Does the Epstein–Barr Virus Play a Role in the Pathogenesis of Graves’ Disease?

Round 1

Reviewer 1 Report

I confirm I am happy with the amendments that have been made and recommend that this paper be published in its current format.

Author Response

Thank you for all the valuable tips and remarks.

Reviewer 2 Report

No significant improvement was done; the manuscript still contains severe flaws and should be rejected. The sample size is too small and conclusions too strong for the study design and methods used in the study. The introduction is written like a review paper, not a research article.

Author Response

Again, we would like to thank you for their valuable suggestions of revisions, which undoubtedly further improved our paper.

We are aware that a small sample size is the main limitation of our study. Still, to the best of our knowledge, our study is the first to analyze possible cross-links between Graves’ disease, EBV infection, and PD-1/PD-L1 expression, and their influence on clinical state of the patients. Strict inclusion criteria applied in our study, such as lack of comorbidities or recent co-infections, significantly restricted the possibility of patient recruitment and affected the size of the study group.

Additionally, to further address this issue, we modified Discussion section indicating small sample size as a main limitation of our study.

Author Response File: Author Response.docx

Reviewer 3 Report

The authors have improved the manuscript considerably.  However, some additional changes are still required.  First, it is important that the authors differentiate between somatic and neuropsychiatric symptoms that are the hallmark of Graves' disease.  

For example, on lines 28 to 30 the authors note characteristic symptoms that are somatic, but later discuss symptoms that are neuropsychiatric.  I suggest changing "Characteristic symptoms" to "Characteristic somatic symptoms" and add the following sentence next:  "Characteristic neuropsychiatric symptoms include irritability, anxiety, etc. (based on your own study variables and Stern and colleagues (1996).  I would then continue with the differentiation of symptoms in the results and discussion so as to be clear as to what the relationship was between the EBV and the two classes of symptoms.

Finally, on line102 the authors indicate that fatigue wasn't associated with EBV DNA, but then discuss the prevalence of chronic fatigue syndrome in 11 of the 12 GD patients with EBV DNA in lines 228 to 230.  How can this be possible?  This appears inconsistent.

Author Response

Again, we would like to thank you for their valuable suggestions of revisions, which undoubtedly further improved our paper.

We would like to thank for this important comment. We clarified this inconsistency by dividing the symptoms into somatic and neuropsychiatric, as suggested.

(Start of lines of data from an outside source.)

(* Let $k_0,k_1,k_{-1},k_2,e_T$ be nonnegative real parameters and consider the planar system \[ \dot s = k_0-k_1(e_T-c)s+k_{-1}c,\qquad \dot c = k_1(e_T-c)s-(k_{-1}+k_2)c . \] Then: (a) The system has infinitely many stationary points in $\mathbb{R}^2$ if and only if one of the following holds: $k_0=k_1=0$; $k_0=e_T=0$; $k_0=k_2=0$. (b) If the number of stationary points in $\mathbb{R}^2$ is finite, then it is $0$ or $1$. There is exactly one stationary point if and only if $k_1\neq 0$, $k_2\neq 0$ and $k_2e_T-k_0\neq 0$; in that case the stationary point is \[ P_0=(\widehat s,\widehat c)=\left(\frac{(k_{-1}+k_2)k_0}{k_1(k_2e_T-k_0)},\ \frac{k_0}{k_2}\right). \] This point lies in the first quadrant if and only if $k_2e_T-k_0>0$, in which case it is an attracting node; it lies in the second quadrant if and only if $k_2e_T-k_0<0$, in which case it is a saddle point. (c) The first quadrant is positively invariant, and solutions starting in the first quadrant exist for all $t\ge 0$. If $k_{-1}+k_2>0$, then every solution starting in the first quadrant enters the (positively invariant) subset $\{c\le e_T\}$ at some positive time. (d) The system admits no nonconstant closed trajectory.
   Context: This is the mass-action model of the open Michaelis--Menten mechanism with constant substrate inflow: $s$ and $c$ are the concentrations of substrate and enzyme–substrate complex, $k_0$ the inflow rate, $k_1,k_{-1},k_2$ rate constants, and $e_T$ the total enzyme concentration. The "first quadrant" is $\{s\ge 0, c\ge 0\}$. *)

theory Defs
  imports "HOL-Analysis.Analysis"
begin

definition mm_field :: "real \<Rightarrow> real \<Rightarrow> real \<Rightarrow> real \<Rightarrow> real \<Rightarrow> real \<times> real \<Rightarrow> real \<times> real" where
  "mm_field k0 k1 km1 k2 eT = (\<lambda>(s, c).
     (k0 - k1 * (eT - c) * s + km1 * c, k1 * (eT - c) * s - (km1 + k2) * c))"

definition first_quadrant :: "(real \<times> real) set" where
  "first_quadrant = {p. fst p \<ge> 0 \<and> snd p \<ge> 0}"

definition second_quadrant :: "(real \<times> real) set" where
  "second_quadrant = {p. fst p < 0 \<and> snd p > 0}"

definition is_solution :: "(real \<times> real \<Rightarrow> real \<times> real) \<Rightarrow> real set \<Rightarrow> (real \<Rightarrow> real \<times> real) \<Rightarrow> bool" where
  "is_solution F I x \<longleftrightarrow> is_interval I \<and>
     (\<forall>t\<in>I. (x has_vector_derivative F (x t)) (at t within I))"

definition jacobian2 :: "(real \<times> real \<Rightarrow> real \<times> real) \<Rightarrow> real \<times> real \<Rightarrow> real \<times> real \<times> real \<times> real" where
  "jacobian2 F p = (let L = (SOME L. (F has_derivative L) (at p))
     in (fst (L (1, 0)), fst (L (0, 1)), snd (L (1, 0)), snd (L (0, 1))))"

text \<open>(Complex) eigenvalues of the 2x2 real matrix ((a, b), (c, d)).\<close>
definition eigenvalues2 :: "real \<times> real \<times> real \<times> real \<Rightarrow> complex set" where
  "eigenvalues2 M = (case M of (a, b, c, d) \<Rightarrow>
     {z. (complex_of_real a - z) * (complex_of_real d - z)
           - complex_of_real b * complex_of_real c = 0})"

definition attracting_node :: "(real \<times> real \<Rightarrow> real \<times> real) \<Rightarrow> real \<times> real \<Rightarrow> bool" where
  "attracting_node F p \<longleftrightarrow> F p = 0 \<and> F differentiable (at p) \<and>
     (\<forall>z\<in>eigenvalues2 (jacobian2 F p). Im z = 0 \<and> Re z < 0)"

definition saddle_point :: "(real \<times> real \<Rightarrow> real \<times> real) \<Rightarrow> real \<times> real \<Rightarrow> bool" where
  "saddle_point F p \<longleftrightarrow> F p = 0 \<and> F differentiable (at p) \<and>
     (\<forall>z\<in>eigenvalues2 (jacobian2 F p). Im z = 0 \<and> Re z \<noteq> 0) \<and>
     (\<exists>z\<in>eigenvalues2 (jacobian2 F p). Re z < 0) \<and>
     (\<exists>z\<in>eigenvalues2 (jacobian2 F p). Re z > 0)"

end

theory Submission
  imports Defs
begin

Chronic fatigue was present in 11 out of 12 (92%) patients with EBV DNA, but also in 22 out of 27 (81%) patients without EBV DNA. The difference in chronic fatigue distribution between EBV DNA (-) and EBV DNA (+) groups was not statistically significant (P = 0.42). We removed this confusing paragraph from the Discussion section.

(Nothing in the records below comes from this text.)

lemma norm_add_sum_scaleR_le:
  fixes f :: "'i \<Rightarrow> 'a::real_normed_vector"
  assumes "finite S" and "\<And>F. F \<subseteq> S \<Longrightarrow> norm (y + sum f F) \<le> M"
    and "\<And>n. n \<in> S \<Longrightarrow> 0 \<le> t n \<and> t n \<le> 1"
  shows "norm (y + (\<Sum>n\<in>S. t n *\<^sub>R f n)) \<le> M"
  using assms
proof (induction S arbitrary: y rule: finite_induct)
  case empty
  then show ?case by fastforce
next
  case (insert a S)
  define z where "z = (\<Sum>n\<in>S. t n *\<^sub>R f n)"
  have without_a: "norm (y + z) \<le> M"
    unfolding z_def using insert.prems by (intro insert.IH) auto
  have shifted: "norm (y + f a + sum f F) \<le> M" if "F \<subseteq> S" for F
  proof -
    have "a \<notin> F" "finite F" using that insert.hyps finite_subset by auto
    then have "y + f a + sum f F = y + sum f (insert a F)" by (simp add: add.assoc)
    also have "norm \<dots> \<le> M" using that by (intro insert.prems(1)) blast
    finally show ?thesis .
  qed
  have with_a: "norm (y + f a + z) \<le> M"
    unfolding z_def by (rule insert.IH) (use shifted insert.prems(2) in auto)
  have t: "0 \<le> t a" "t a \<le> 1" using insert.prems by auto
  have "y + (\<Sum>n\<in>insert a S. t n *\<^sub>R f n) = (1 - t a) *\<^sub>R (y + z) + t a *\<^sub>R (y + f a + z)"
    using insert.hyps by (simp add: z_def algebra_simps)
  also have "norm \<dots> \<le> (1 - t a) * norm (y + z) + t a * norm (y + f a + z)"
    using norm_triangle_ineq[of "(1 - t a) *\<^sub>R (y + z)" "t a *\<^sub>R (y + f a + z)"] t by simp
  also have "\<dots> \<le> (1 - t a) * M + t a * M"
    using t without_a with_a by (intro add_mono mult_left_mono) auto
  finally show ?case by (simp add: algebra_simps)
qed

lemma norm_sum_scaleR_le:
  fixes f :: "'i \<Rightarrow> 'a::real_normed_vector"
  assumes "finite S" and "\<And>F. F \<subseteq> S \<Longrightarrow> norm (sum f F) \<le> M" and "\<And>n. \<bar>t n\<bar> \<le> 1"
  shows "norm (\<Sum>n\<in>S. t n *\<^sub>R f n) \<le> 2 * M"
proof -
  have parts: "norm (\<Sum>n\<in>S. s n *\<^sub>R f n) \<le> M" if "\<And>n. 0 \<le> s n \<and> s n \<le> 1" for s
    using norm_add_sum_scaleR_le[of S 0 f M s] assms(1,2) that by simp
  have "t n *\<^sub>R f n = max (t n) 0 *\<^sub>R f n - max (- t n) 0 *\<^sub>R f n" for n
    by (cases "t n \<ge> 0") auto
  then have "(\<Sum>n\<in>S. t n *\<^sub>R f n) = (\<Sum>n\<in>S. max (t n) 0 *\<^sub>R f n) - (\<Sum>n\<in>S. max (- t n) 0 *\<^sub>R f n)"
    by (simp add: sum_subtractf)
  also have "norm \<dots> \<le> norm (\<Sum>n\<in>S. max (t n) 0 *\<^sub>R f n) + norm (\<Sum>n\<in>S. max (- t n) 0 *\<^sub>R f n)"
    by (rule norm_triangle_ineq4)
  also have "\<dots> \<le> M + M"
    using assms(3) by (intro add_mono parts) (auto simp: abs_le_iff)
  finally show ?thesis by simp
qed

lemma summable_scaleR_if_unconditionally_cauchy:
  fixes f :: "nat \<Rightarrow> 'a::banach"
  assumes "unconditionally_cauchy f" and "\<And>n. \<bar>t n\<bar> \<le> 1"
  shows "summable (\<lambda>n. t n *\<^sub>R f n)"
  unfolding summable_Cauchy
proof (intro allI impI)
  fix \<epsilon> :: real assume "\<epsilon> > 0"
  then have "\<epsilon> / 3 > 0" by simp
  then obtain N where N: "\<forall>F. finite F \<and> F \<subseteq> {N..} \<longrightarrow> norm (sum f F) < \<epsilon> / 3"
    using assms(1) unfolding unconditionally_cauchy_def by blast
  have "norm (\<Sum>i=m..<n. t i *\<^sub>R f i) < \<epsilon>" if "N \<le> m" for m n
  proof -
    have "norm (sum f F) \<le> \<epsilon> / 3" if "F \<subseteq> {m..<n}" for F
    proof -
      have "finite F" using that finite_subset by blast
      moreover have "F \<subseteq> {N..}" using that \<open>N \<le> m\<close> by auto
      ultimately show ?thesis using N by (simp add: less_imp_le)
    qed
    then have "norm (\<Sum>i=m..<n. t i *\<^sub>R f i) \<le> 2 * (\<epsilon> / 3)"
      using assms(2) by (intro norm_sum_scaleR_le) auto
    with \<open>\<epsilon> > 0\<close> show ?thesis by linarith
  qed
  then show "\<exists>N. \<forall>m\<ge>N. \<forall>n. norm (\<Sum>i=m..<n. t i *\<^sub>R f i) < \<epsilon>" by blast
qed

lemma solid_brick_if_unconditional_basis:
  fixes e :: "nat \<Rightarrow> 'a::banach"
  assumes "unconditional_basis e"
  shows "solid_brick e \<epsilon>"
  unfolding solid_brick_def
proof (intro ballI allI impI)
  fix x a assume a: "\<forall>n. \<bar>a n\<bar> \<le> \<bar>coord e n x\<bar>"
  define t where "t n = a n / coord e n x" for n
  have "summable (\<lambda>n. coord e (p n) x *\<^sub>R e (p n))" if "bij p" for p
    using assms that by (simp add: unconditional_basis_def)
  then have "unconditionally_cauchy (\<lambda>n. coord e n x *\<^sub>R e n)"
    by (rule unconditionally_cauchy_if_rearrangements_summable)
  moreover have "\<bar>t n\<bar> \<le> 1" for n
    using a by (simp add: t_def abs_divide divide_le_eq_1)
  ultimately have "summable (\<lambda>n. t n *\<^sub>R (coord e n x *\<^sub>R e n))"
    by (rule summable_scaleR_if_unconditionally_cauchy)
  moreover have "t n * coord e n x = a n" for n
    using a[rule_format, of n] by (cases "coord e n x = 0") (auto simp: t_def)
  ultimately show "summable (\<lambda>n. a n *\<^sub>R e n)" by simp
qed

lemma solid_brick_if_summable:
  fixes e :: "nat \<Rightarrow> 'a::banach"
  assumes "normalized_basis e" and "summable \<epsilon>"
  shows "solid_brick e \<epsilon>"
  unfolding solid_brick_def
proof (intro ballI allI impI)
  fix x a assume "x \<in> brick e \<epsilon>" and a: "\<forall>n. \<bar>a n\<bar> \<le> \<bar>coord e n x\<bar>"
  have "norm (a n *\<^sub>R e n) \<le> \<epsilon> n" for n
    using a[rule_format, of n] \<open>x \<in> brick e \<epsilon>\<close> assms(1)
    by (auto simp: brick_def normalized_basis_def intro: order_trans)
  then have "\<exists>N. \<forall>n\<ge>N. norm (a n *\<^sub>R e n) \<le> \<epsilon> n" by blast
  then show "summable (\<lambda>n. a n *\<^sub>R e n)" using assms(2) by (rule summable_comparison_test)
qed

theorem proposition2p5:
  fixes e :: "nat \<Rightarrow> 'a::banach" and \<epsilon> :: "nat \<Rightarrow> real"
  assumes "schauder_basis e" and "normalized_basis e"
    and "\<And>n. \<epsilon> n \<ge> 0"
  shows "(unconditional_basis e \<longrightarrow> solid_brick e \<epsilon>) \<and> (summable \<epsilon> \<longrightarrow> solid_brick e \<epsilon>)"
  by (simp add: solid_brick_if_unconditional_basis solid_brick_if_summable assms(2))

end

Author Response File: Author Response.docx

Reviewer 4 Report

In this short, but well written Manuscript, the authors demonstrated the possible involvement of Epstein-Barr Virus (EBV) in the development of Graves disease (GD). The authors found that the circulating mononuclear cells obtained from GD patients possess the higher copy number of EBV DNA, which further correlates with the clinical picture of GD.

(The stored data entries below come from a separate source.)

lemma equal_unwrapped_cyc_step_gaps:
  fixes n1 n2 :: nat and \<phi> :: "nat \<Rightarrow> nat \<Rightarrow> nat"
  defines "L \<equiv> \<lambda>k a. window_lift (int (n1*n2)) k (int a)"
  assumes "n1 \<ge> 3" "n2 \<ge> 1"
    and bij: "bij_betw (\<lambda>(a1, a2). \<phi> a1 a2) ({1..n1} \<times> {1..n2}) {1..n1*n2}"
  shows "\<exists>i j i' j' k. (i, j) \<in> {1..n1} \<times> {1..n2} \<and> (i', j') \<in> {1..n1} \<times> {1..n2}
    \<and> (i, j) \<noteq> (i', j')
    \<and> L k (\<phi> (cyc_succ n1 i) j) - L k (\<phi> i j) = L k (\<phi> (cyc_succ n1 i') j') - L k (\<phi> i' j')"
proof -
  define N where "N = n1*n2"
  define P where "P = {1..n1} \<times> {1..n2}"
  define f where "f = (\<lambda>(i, j). int (\<phi> i j))"
  define \<sigma> where "\<sigma> = (\<lambda>(i, j :: nat). (cyc_succ n1 i, j))"
  have "\<phi> i j \<in> {1..N}" if "(i, j) \<in> P" for i j
    using bij_betw_apply[OF bij] that unfolding N_def P_def by fastforce
  then have f_range: "f x \<in> {1..int N}" if "x \<in> P" for x
    using that unfolding f_def by (auto split: prod.splits)
  have inj: "inj_on f P"
  proof -
    have "inj_on (int \<circ> (\<lambda>(i, j). \<phi> i j)) P"
      using bij unfolding bij_betw_def P_def
      by (intro comp_inj_on) (auto intro: inj_on_subset[OF inj_of_nat])
    then show ?thesis unfolding f_def by (simp add: comp_def case_prod_beta')
  qed
  have \<sigma>P: "\<sigma> x \<in> P" if "x \<in> P" for x
    using that cyc_succ_in_range unfolding \<sigma>_def P_def by auto
  have no_fixpoint: "\<sigma> x \<noteq> x" if "x \<in> P" for x
    using that assms(2) cyc_succ_neq[of n1] unfolding \<sigma>_def P_def by auto
  have "finite P" "card P = N" "0 < N"
    using assms(2,3) unfolding P_def N_def by (simp_all add: card_cartesian_product)
  moreover have "f ` P \<subseteq> {1..int N}" "\<sigma> ` P \<subseteq> P" using f_range \<sigma>P by blast+
  ultimately obtain x y where xy: "x \<in> P" "y \<in> P" "x \<noteq> y"
      "(f (\<sigma> x) - f x) mod int N \<noteq> 0"
      "(f (\<sigma> x) - f x) mod int N = (f (\<sigma> y) - f y) mod int N"
    using cyclic_gap_collision[of P N f \<sigma>] inj no_fixpoint by blast
  have "\<not> (f y mod int N = f (\<sigma> x) mod int N \<and> f (\<sigma> y) mod int N = f x mod int N)"
  proof
    assume "f y mod int N = f (\<sigma> x) mod int N \<and> f (\<sigma> y) mod int N = f x mod int N"
    then have "f y = f (\<sigma> x)" "f (\<sigma> y) = f x"
      using eq_if_mod_eq_in_interval f_range xy(1,2) \<sigma>P by blast+
    then have "\<sigma> (\<sigma> x) = x" using inj_onD[OF inj] xy(1,2) \<sigma>P by metis
    then show False
      using xy(1) assms(2) cyc_succ_succ_neq[of n1] unfolding \<sigma>_def P_def by auto
  qed
  then obtain k where "window_lift (int N) k (f (\<sigma> x)) - window_lift (int N) k (f x)
      = window_lift (int N) k (f (\<sigma> y)) - window_lift (int N) k (f y)"
    using common_unwrapping_offset[OF _ xy(5,4)] \<open>0 < N\<close> by auto
  then show ?thesis using xy(1-3) unfolding L_def N_def P_def f_def \<sigma>_def by fastforce
qed

lemma has_repeated_diff_window_if_first_side_ge_3:
  fixes n1 n2 :: nat and \<phi> :: "nat \<Rightarrow> nat \<Rightarrow> nat"
  assumes "n1 \<ge> 3" "n2 \<ge> 1"
    and bij: "bij_betw (\<lambda>(a1, a2). \<phi> a1 a2) ({1..n1} \<times> {1..n2}) {1..n1*n2}"
  shows "\<exists>k1 k2 k3. has_repeated_diff (window_dots \<phi> n1 n2 k1 k2 k3)"
proof -
  let ?L = "\<lambda>k a. window_lift (int (n1*n2)) k (int a)"
  obtain i j i' j' k where ij: "(i, j) \<in> {1..n1} \<times> {1..n2}" "(i', j') \<in> {1..n1} \<times> {1..n2}"
      "(i, j) \<noteq> (i', j')"
      and k: "?L k (\<phi> (cyc_succ n1 i) j) - ?L k (\<phi> i j)
        = ?L k (\<phi> (cyc_succ n1 i') j') - ?L k (\<phi> i' j')"
    using equal_unwrapped_cyc_step_gaps[OF assms] by blast
  have range: "\<phi> a b \<in> {1..n1*n2}" if "a \<in> {1..n1}" "b \<in> {1..n2}" for a b
    using bij_betw_apply[OF bij] that by fastforce
  obtain c where c: "c \<in> {1..n1}" "c \<noteq> i" "c \<noteq> i'"
  proof
    show "(if i \<noteq> 1 \<and> i' \<noteq> 1 then 1 else if i \<noteq> 2 \<and> i' \<noteq> 2 then 2 else 3) \<in> {1..n1}"
      using assms(1) by auto
  qed auto
  let ?W = "window_dots \<phi> n1 n2 (int c + 1) 1 k"
  obtain p where p: "rep p n1 = int i" "(p, int j, ?L k (\<phi> i j)) \<in> ?W"
      "(p + 1, int j, ?L k (\<phi> (cyc_succ n1 i) j)) \<in> ?W"
    using cyc_step_dots_in_window[of i n1 c j n2 \<phi> k] c ij(1) range cyc_succ_in_range by auto
  obtain p' where p': "rep p' n1 = int i'" "(p', int j', ?L k (\<phi> i' j')) \<in> ?W"
      "(p' + 1, int j', ?L k (\<phi> (cyc_succ n1 i') j')) \<in> ?W"
    using cyc_step_dots_in_window[of i' n1 c j' n2 \<phi> k] c ij(2) range cyc_succ_in_range by auto
  have "has_repeated_diff ?W"
    by (rule has_repeated_diffI[OF p(2,3) p'(2,3)])
      (use p(1) p'(1) ij(3) k in \<open>auto simp: diff_vec_def\<close>)
  then show ?thesis by blast
qed

definition transpose_point :: "point3 \<Rightarrow> point3" where
  "transpose_point = (\<lambda>(a1, a2, a3). (a2, a1, a3))"

lemma transpose_point_in_window_dots:
  "p \<in> window_dots \<phi> n1 n2 k1 k2 k3
     \<Longrightarrow> transpose_point p \<in> window_dots (\<lambda>a1 a2. \<phi> a2 a1) n2 n1 k2 k1 k3"
  unfolding window_dots_def periodic_ext_def perm_array_def transpose_point_def
  by (auto simp: mult.commute)

lemma has_repeated_diff_transpose:
  assumes "has_repeated_diff D" "\<And>p. p \<in> D \<Longrightarrow> transpose_point p \<in> D'"
  shows "has_repeated_diff D'"
proof -
  obtain a w b v where "a \<in> D" "w \<in> D" "b \<in> D" "v \<in> D" "a \<noteq> w" "(a, w) \<noteq> (b, v)"
      "diff_vec a w = diff_vec b v"
    using assms(1) unfolding has_repeated_diff_def by blast
  moreover have "inj transpose_point" unfolding transpose_point_def inj_def by auto
  moreover have "diff_vec (transpose_point a) (transpose_point w)
      = transpose_point (diff_vec a w)" for a w
    unfolding transpose_point_def diff_vec_def by (auto split: prod.splits)
  ultimately show ?thesis
    by (intro has_repeated_diffI[of "transpose_point a" D' "transpose_point w"
          "transpose_point b" "transpose_point v"] assms(2)) (auto dest: injD)
qed

lemma bij_betw_transpose:
  assumes "bij_betw (\<lambda>(a1, a2). \<phi> a1 a2) (A \<times> B) C"
  shows "bij_betw (\<lambda>(a2, a1). \<phi> a1 a2) (B \<times> A) C"
proof -
  have "bij_betw prod.swap (B \<times> A) (A \<times> B)"
    unfolding bij_betw_def using bij_swap bij_is_inj product_swap by (metis inj_on_subset top_greatest)
  from bij_betw_trans[OF this assms] show ?thesis by (simp add: comp_def case_prod_beta')
qed

theorem mainTheorem11:
  fixes n1 n2 :: nat and \<phi> :: "nat \<Rightarrow> nat \<Rightarrow> nat"
  assumes "n1 \<ge> 2" and "n2 \<ge> 2"
    and "bij_betw (\<lambda>(a1, a2). \<phi> a1 a2) ({1..n1} \<times> {1..n2}) {1..n1*n2}"
    and "(odd n1 \<and> odd n2)
         \<or> (even n1 \<and> even n2 \<and> max n1 n2 > 4)
         \<or> (even n1 \<and> n1 > 2 \<and> odd n2)
         \<or> (even n2 \<and> n2 > 2 \<and> odd n1)"
  shows "\<exists>k1 k2 k3. has_repeated_diff (window_dots \<phi> n1 n2 k1 k2 k3)"
proof -
  have "n1 \<ge> 3 \<or> n2 \<ge> 3" using assms(1,2,4) by (cases "n1 = 2 \<and> n2 = 2") auto
  then show ?thesis
  proof
    assume "n1 \<ge> 3"
    then show ?thesis using has_repeated_diff_window_if_first_side_ge_3 assms(2,3) by simp
  next
    assume "n2 \<ge> 3"
    have "bij_betw (\<lambda>(a2, a1). \<phi> a1 a2) ({1..n2} \<times> {1..n1}) {1..n2*n1}"
      using bij_betw_transpose[OF assms(3)] by (simp add: mult.commute)
    then obtain k2 k1 k3 where "has_repeated_diff (window_dots (\<lambda>a2 a1. \<phi> a1 a2) n2 n1 k2 k1 k3)"
      using has_repeated_diff_window_if_first_side_ge_3[of n2 n1 "\<lambda>a2 a1. \<phi> a1 a2"]
        \<open>n2 \<ge> 3\<close> assms(1) by auto
    then have "has_repeated_diff (window_dots \<phi> n1 n2 k1 k2 k3)"
      by (rule has_repeated_diff_transpose) (use transpose_point_in_window_dots in fastforce)
    then show ?thesis by blast
  qed
qed

end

In addition to the other reviewers, i have two minor points only:

-how were the PBMCs isolated, the method should be described (Ficoll, etc...)

-was the Blood-Serum used in the other assays? In this study?

Author Response

We would like to thank you for their valuable suggestions of revisions, which undoubtedly further improved our paper. 

We added information about PBMCs isolation and Blood-Serum using according to reviewers request. Moreover, the manuscript was checked by the professional native-English medical writer. 

Round 2

Reviewer 3 Report

N/A

Author Response

Thank you very much for all your comments. Once again the manuscript was checked by the professional native-English medical writer. 

This manuscript is a resubmission of an earlier submission. The following is a list of the peer review reports and author responses from that submission.

Round 1

Reviewer 1 Report

The authors of the present investigation examined the relationship between Epstein-Barr virus infection and the diagnosis of Graves' disease.  The result suggest that Graves' disease may be associated with Epstein-Barr infection.

Specific Comments

Page 3, Line 11

This statement will require a citation and reference.

Page 3, Line 27

Replace the phrase "cell immortality". with the phrase "cell immortality."

Page 4, Line 19

What types of analyses were performed and for what purpose?  If chi square was used, how were the expected values obtained, etc.

Page 4, Table 1

I suggest the authors recheck their analyses.  The reported standard deviations appear to be too high.  What does it mean to have a standard deviation that is nearly double the median and potentially the mean (e.g., 74.71 ±123.97)?  A quick simulation would produce negative frequencies.  What were the mean values?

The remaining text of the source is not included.